We emphasize that even though Eq. (9) follows intuition and is found to be valid across a wide range of systems considered above, it remains empirical. In particular, in the presence of guided resonances69,70, it is possible for the incident wave from free space to be partially converted to a guided wave and then radiate out to the free space after some in-plane propagation, enabling the lateral spreading ∆W to exceed the thickness h; this is likely the case with resonance-based space-squeezing systems71,72,73. Indeed, we have found that Eq. (9) may be violated within a narrow angular range near that of a guided resonance. It is possible to extend the angular range by stacking multiple resonances73 or by using guided resonances on a flat band74,75, but doing so restricts the degrees of freedom for further designs. In the following, we assume Eq. (9) is valid, which implicitly excludes broad-angle resonant effects.

Given the angle-dependent response of a system described by \(t\left( {k_y,k_y^\prime } \right)\), Eqs. (5)–(9) quantify its degree of nonlocality and the minimal thickness such a system must have. This formalism applies to different nonlocal systems.
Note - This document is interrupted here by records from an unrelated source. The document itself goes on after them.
(* Let $G$ be a topological group and $\rho:G\to U(N)$ a continuous unitary representation. For $V\in PU(N)$ commuting with $\rho(g)$ for all $g$, choose a lift $\tilde V\in U(N)$; then $\rho(g)^\dagger\tilde V\rho(g)=\chi[V](g)\tilde V$ defines a one-dimensional representation $\chi[V]:G\to U(1)$ independent of the lift. The path components of the space of $\rho$-symmetric projective unitaries in $PU(N)$ are in bijection with the values of $\chi[V]$ attained, each attained value having finite order; every element of finite order in $X_G=\mathrm{Hom}(G,U(1))$ (the torsion subgroup $X_G^T$) is attained for a suitable representation $\rho$ (namely $\rho=\bigoplus_{p=0}^{n-1}\chi^p$ if $\chi$ has order $n$). Moreover $\chi[V]$ is stable under $V\mapsto V\otimes\mathbb{1}$ and satisfies $\chi[V\otimes Q]=\chi[V]\chi[Q]$.
   Context: $X_G$ is the group of continuous homomorphisms $G\to U(1)$ with pointwise multiplication; $X_G^T$ its subgroup of elements of finite order. A projective unitary is $\rho$-symmetric if it commutes with $\rho(g)$ in $PU(N)$ for all $g\in G$. *)

theory Defs
  imports "HOL-Analysis.Analysis" "HOL-Algebra.Group"
begin

definition topological_group :: "('g, 'x) monoid_scheme \<Rightarrow> 'g topology \<Rightarrow> bool" where
  "topological_group G T \<longleftrightarrow> group G \<and> topspace T = carrier G \<and>
     continuous_map (prod_topology T T) T (\<lambda>(x, y). x \<otimes>\<^bsub>G\<^esub> y) \<and>
     continuous_map T T (\<lambda>x. inv\<^bsub>G\<^esub> x)"

definition character :: "('g, 'x) monoid_scheme \<Rightarrow> 'g topology \<Rightarrow> ('g \<Rightarrow> complex) \<Rightarrow> bool" where
  "character G T \<psi> \<longleftrightarrow> continuous_map T euclidean \<psi> \<and>
     (\<forall>g\<in>carrier G. cmod (\<psi> g) = 1) \<and>
     (\<forall>g\<in>carrier G. \<forall>h\<in>carrier G. \<psi> (g \<otimes>\<^bsub>G\<^esub> h) = \<psi> g * \<psi> h)"

definition finite_order_char :: "('g, 'x) monoid_scheme \<Rightarrow> ('g \<Rightarrow> complex) \<Rightarrow> bool" where
  "finite_order_char G \<psi> \<longleftrightarrow> (\<exists>n::nat. n > 0 \<and> (\<forall>g\<in>carrier G. \<psi> g ^ n = 1))"

definition char_order :: "('g, 'x) monoid_scheme \<Rightarrow> ('g \<Rightarrow> complex) \<Rightarrow> nat" where
  "char_order G \<psi> = (LEAST n::nat. n > 0 \<and> (\<forall>g\<in>carrier G. \<psi> g ^ n = 1))"

definition adjoint_mat :: "complex^'n^'n \<Rightarrow> complex^'n^'n" where
  "adjoint_mat A = (\<chi> i j. cnj (A $ j $ i))"

definition scal_mat :: "complex \<Rightarrow> complex^'n^'n \<Rightarrow> complex^'n^'n" where
  "scal_mat c A = (\<chi> i j. c * A $ i $ j)"

definition unitary_set :: "(complex^'n^'n) set" where
  "unitary_set = {U. adjoint_mat U ** U = mat 1 \<and> U ** adjoint_mat U = mat 1}"

definition U_top :: "(complex^'n^'n) topology" where
  "U_top = subtopology euclidean unitary_set"

text \<open>The class of U in PU(N) = U(N)/U(1).\<close>
definition pclass :: "complex^'n^'n \<Rightarrow> (complex^'n^'n) set" where
  "pclass U = {scal_mat c U | c. cmod c = 1}"

definition PU_set :: "(complex^'n^'n) set set" where
  "PU_set = pclass ` unitary_set"

definition PU_top :: "(complex^'n^'n) set topology" where
  "PU_top = topology (\<lambda>S. S \<subseteq> PU_set \<and> openin U_top {U \<in> unitary_set. pclass U \<in> S})"

definition unitary_rep :: "('g, 'x) monoid_scheme \<Rightarrow> 'g topology \<Rightarrow> ('g \<Rightarrow> complex^'n^'n) \<Rightarrow> bool" where
  "unitary_rep G T \<rho> \<longleftrightarrow> continuous_map T euclidean \<rho> \<and>
     (\<forall>g\<in>carrier G. \<rho> g \<in> unitary_set) \<and>
     (\<forall>g\<in>carrier G. \<forall>h\<in>carrier G. \<rho> (g \<otimes>\<^bsub>G\<^esub> h) = \<rho> g ** \<rho> h)"

definition sym_PU :: "('g, 'x) monoid_scheme \<Rightarrow> ('g \<Rightarrow> complex^'n^'n) \<Rightarrow> (complex^'n^'n) set set" where
  "sym_PU G \<rho> = {V \<in> PU_set. \<forall>g\<in>carrier G. \<forall>U\<in>V. pclass (U ** \<rho> g) = pclass (\<rho> g ** U)}"

definition chiV :: "('g, 'x) monoid_scheme \<Rightarrow> ('g \<Rightarrow> complex^'n^'n) \<Rightarrow> (complex^'n^'n) set \<Rightarrow> 'g \<Rightarrow> complex" where
  "chiV G \<rho> V = (\<lambda>g\<in>carrier G. THE c. adjoint_mat (\<rho> g) ** (SOME U. U \<in> V) ** \<rho> g
                                        = scal_mat c (SOME U. U \<in> V))"

definition kron :: "complex^'n^'n \<Rightarrow> complex^'m^'m \<Rightarrow> complex^('n \<times> 'm)^('n \<times> 'm)" where
  "kron A B = (\<chi> p q. A $ fst p $ fst q * B $ snd p $ snd q)"

definition tensor_rep :: "('g \<Rightarrow> complex^'n^'n) \<Rightarrow> ('g \<Rightarrow> complex^'m^'m) \<Rightarrow> 'g \<Rightarrow> complex^('n \<times> 'm)^('n \<times> 'm)" where
  "tensor_rep \<rho> \<sigma> = (\<lambda>g. kron (\<rho> g) (\<sigma> g))"

definition ptensor :: "(complex^'n^'n) set \<Rightarrow> (complex^'m^'m) set \<Rightarrow> (complex^('n \<times> 'm)^('n \<times> 'm)) set" where
  "ptensor V Q = {kron U W | U W. U \<in> V \<and> W \<in> Q}"

text \<open>The representation \<oplus>_{p<n} \<psi>^p, with the diagonal indexed via a bijection e : 'k \<rightarrow> {..<n}.\<close>
definition diag_powers_rep :: "('k \<Rightarrow> nat) \<Rightarrow> ('g \<Rightarrow> complex) \<Rightarrow> 'g \<Rightarrow> complex^'k^'k" where
  "diag_powers_rep e \<psi> = (\<lambda>g. \<chi> i j. if i = j then \<psi> g ^ e i else 0)"

end

theory Submission
  imports Defs
begin

(* The scalar chiV[V](g) by which conjugation with rho(g) acts on a lift U of V does not depend on
   the lift, since lifts differ by scalars; it is multiplicative because conjugations compose, and
   continuous because it is a ratio of entries of rho(g)^H U rho(g) and U. Taking determinants in
   rho(g)^H U rho(g) = chiV[V](g) U gives chiV[V](g)^N = 1, so V |-> chiV[V](g) takes finitely
   many values on the symmetric subspace, each with a closed fibre, and is therefore constant along
   paths. Conversely, if V and W have the same character and lifts U0, U1, then M = U0^H U1 commutes
   with every rho(g). Rescaled to a unitary K without eigenvalue -1, the Cayley-type path
   t |-> ((1 - t) + (1 + t) K) ((1 + t) + (1 - t) K)^-1 runs through unitaries commuting with rho
   from 1 to K, and U0 times it joins V to W. A character psi with psi^n = 1 is attained by the cyclic
   shift, which conjugation by diag(psi^0, ..., psi^(n-1)) multiplies by psi; multiplicativity under
   tensor products is inherited from the Kronecker product. *)


section \<open>Matrix algebra and the unitary group\<close>

lemma scal_mat_nth [simp]: "scal_mat c A $ i $ j = c * A $ i $ j"
  by (simp add: scal_mat_def)

lemma adjoint_mat_nth [simp]: "adjoint_mat A $ i $ j = cnj (A $ j $ i)"
  by (simp add: adjoint_mat_def)

lemma matrix_mult_nth: "(A ** B) $ i $ j = (\<Sum>k\<in>UNIV. A $ i $ k * B $ k $ j)"
  by (simp add: matrix_matrix_mult_def)

lemma adjoint_mat_adjoint_mat [simp]: "adjoint_mat (adjoint_mat A) = A"
  by (simp add: vec_eq_iff)

lemma adjoint_mat_mult: "adjoint_mat (A ** B) = adjoint_mat B ** adjoint_mat A"
  by (simp add: vec_eq_iff matrix_mult_nth mult.commute)

lemma adjoint_mat_scal_mat: "adjoint_mat (scal_mat c A) = scal_mat (cnj c) (adjoint_mat A)"
  by (simp add: vec_eq_iff)

lemma adjoint_mat_add: "adjoint_mat (A + B) = adjoint_mat A + adjoint_mat B"
  by (simp add: vec_eq_iff)

lemma adjoint_mat_one [simp]: "adjoint_mat (mat 1) = (mat 1 :: complex^'n^'n)"
  by (simp add: vec_eq_iff mat_def)

lemma scal_mat_mult_left [simp]: "scal_mat c A ** B = scal_mat c (A ** B)"
  by (simp add: vec_eq_iff matrix_mult_nth sum_distrib_left mult.assoc)

lemma scal_mat_mult_right [simp]: "A ** scal_mat c B = scal_mat c (A ** B)"
  by (simp add: vec_eq_iff matrix_mult_nth sum_distrib_left mult.left_commute)

lemma scal_mat_scal_mat [simp]: "scal_mat c (scal_mat d A) = scal_mat (c * d) A"
  by (simp add: vec_eq_iff mult.assoc)

lemma scal_mat_1 [simp]: "scal_mat 1 A = A"
  by (simp add: vec_eq_iff)

lemma scal_mat_0 [simp]: "scal_mat 0 A = 0"
  by (simp add: vec_eq_iff)

lemma scal_mat_add_left: "scal_mat (c + d) A = scal_mat c A + scal_mat d A"
  by (simp add: vec_eq_iff distrib_right)

lemma scal_mat_add_right: "scal_mat c (A + B) = scal_mat c A + scal_mat c B"
  by (simp add: vec_eq_iff distrib_left)

lemma matrix_add_rdistrib: "(A + B) ** C = A ** C + B ** (C :: 'a::semiring_1^'n^'n)"
  by (simp add: vec_eq_iff matrix_mult_nth distrib_right sum.distrib)

lemma scal_mat_mult_vector: "scal_mat c A *v x = c *s (A *v x)"
  by (simp add: vec_eq_iff matrix_vector_mult_def sum_distrib_left mult.assoc)

lemma scal_mat_eq_mat_mult: "scal_mat c A = mat c ** (A :: complex^'n^'n)"
  by (simp add: vec_eq_iff matrix_mult_nth mat_def if_distrib[of "\<lambda>x. x * _"] cong: if_cong)

lemma scal_mat_cancel_left:
  "(A :: complex^'n^'n) \<noteq> 0 \<Longrightarrow> scal_mat c A = scal_mat d A \<longleftrightarrow> c = d"
  by (auto simp: vec_eq_iff)

lemma mat_1_neq_0: "(mat 1 :: complex^'n^'n) \<noteq> 0"
  by (simp add: vec_eq_iff mat_def)

lemma det_scal_mat: "det (scal_mat c (A :: complex^'n^'n)) = c ^ CARD('n) * det A"
  by (simp add: scal_mat_eq_mat_mult det_mul det_diagonal mat_def)

lemma cnj_mult_self_eq_1: "cmod c = 1 \<Longrightarrow> cnj c * c = 1"
  by (metis complex_norm_square mult.commute of_real_1 power_one)

lemma mult_cnj_self_eq_1: "cmod c = 1 \<Longrightarrow> c * cnj c = 1"
  by (metis cnj_mult_self_eq_1 mult.commute)

lemma continuous_on_matrix_mult [continuous_intros]:
  fixes f g :: "'a::topological_space \<Rightarrow> complex^'n^'n"
  shows "continuous_on S f \<Longrightarrow> continuous_on S g \<Longrightarrow> continuous_on S (\<lambda>x. f x ** g x)"
  unfolding matrix_matrix_mult_def by (intro continuous_intros)

lemma continuous_on_adjoint_mat [continuous_intros]:
  fixes f :: "'a::topological_space \<Rightarrow> complex^'n^'n"
  shows "continuous_on S f \<Longrightarrow> continuous_on S (\<lambda>x. adjoint_mat (f x))"
  unfolding adjoint_mat_def by (intro continuous_intros)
Below, we use this formalism to establish a thickness bound for wide-FOV lenses.

Thickness bound for wide-FOV lenses

Transmission matrix of an ideal wide-FOV lens

To ideally focus a windowed (within \(\left| {y^\prime } \right|\, <\, D_{{{{\mathrm{in}}}}}/2\)) plane wave \(E_x^a\left( {y^\prime ,z = 0} \right) = E_0e^{ik_y^\prime y^\prime }\) incident from angle \(\theta _{{{{\mathrm{in}}}}}\) to point \({{{\mathbf{r}}}}_{{{\mathrm{f}}}}\left( {\theta _{{{{\mathrm{in}}}}}} \right) = \left( {y = y_{{{\mathrm{f}}}}\left( {\theta _{{{{\mathrm{in}}}}}} \right),z = h + f} \right)\) on the focal plane, the field on the back surface of a metalens should be proportional to the conjugation of the field radiated from a point source at the focal spot to the back surface, as illustrated in Fig. 3. Here we consider such ideal transmitted field across the entire back aperture of the lens within \(\left| y \right| < D_{{{{\mathrm{out}}}}}/2\), independent of the incident angle. Note that the angular distribution of the output depends on the incident angle, so the lens is not telecentric. The radiated field from a point source in 2D is proportional to \(e^{ikr}/\sqrt r\), and the distance is \(r = \sqrt {f^2 + \left( {y - y_{{{\mathrm{f}}}}} \right)^2}\), so the ideal field on the back surface of a metalens is

$$E_x^a\left( {y,z = h} \right) = \left\{ {\begin{array}{*{20}{l}} {A\left( {\theta _{{{{\mathrm{in}}}}}} \right)\frac{{e^{i\phi _{{{{\mathrm{out}}}}}^{{{{\mathrm{ideal}}}}}\left( {y,\theta _{{{{\mathrm{in}}}}}} \right)}}}{{\left[ {f^2 + \left( {y - y_{{{\mathrm{f}}}}} \right)^2} \right]^{1/4}}}{\mathrm{for}}\left| y \right| < \frac{{D_{{{{\mathrm{out}}}}}}}{2}} \\ {0 \qquad\qquad\qquad\qquad\; {\mathrm{otherwise}}} \end{array}} \right.$$
(10)

where \(A\left( {\theta _{{{{\mathrm{in}}}}}} \right)\) is a constant amplitude, and the ideal phase distribution on the back of the metalens is11,19,35

$$\phi _{{{{\mathrm{out}}}}}^{{{{\mathrm{ideal}}}}}\left( {y,\theta _{{{{\mathrm{in}}}}}} \right) = \psi \left( {\theta _{{{{\mathrm{in}}}}}} \right) - \frac{{2\pi }}{\lambda }\sqrt {f^2 + \left[ {y - y_{{{\mathrm{f}}}}\left( {\theta _{{{{\mathrm{in}}}}}} \right)} \right]^2}$$
(11)
Fig. 3: Schematics for determining the field transmitted through an ideal metalens.
figure 3

a Outgoing field from a point source located at the focal spot \(\left( {y = y_{{{\mathrm{f}}}},z = h + f} \right)\). b To ideally focus light to such focal spot, the transmitted field across the back aperture \(D_{{{{\mathrm{out}}}}}\) should be proportional to the complex conjugation of the radiated field in (a), given by the distance \(r = \sqrt {f^2 + \left( {y - y_{{{\mathrm{f}}}}} \right)^2}\) between a point (y,h) on the back of the metalens to the focal spot \(\left( {y_{{{\mathrm{f}}}},h + f} \right)\)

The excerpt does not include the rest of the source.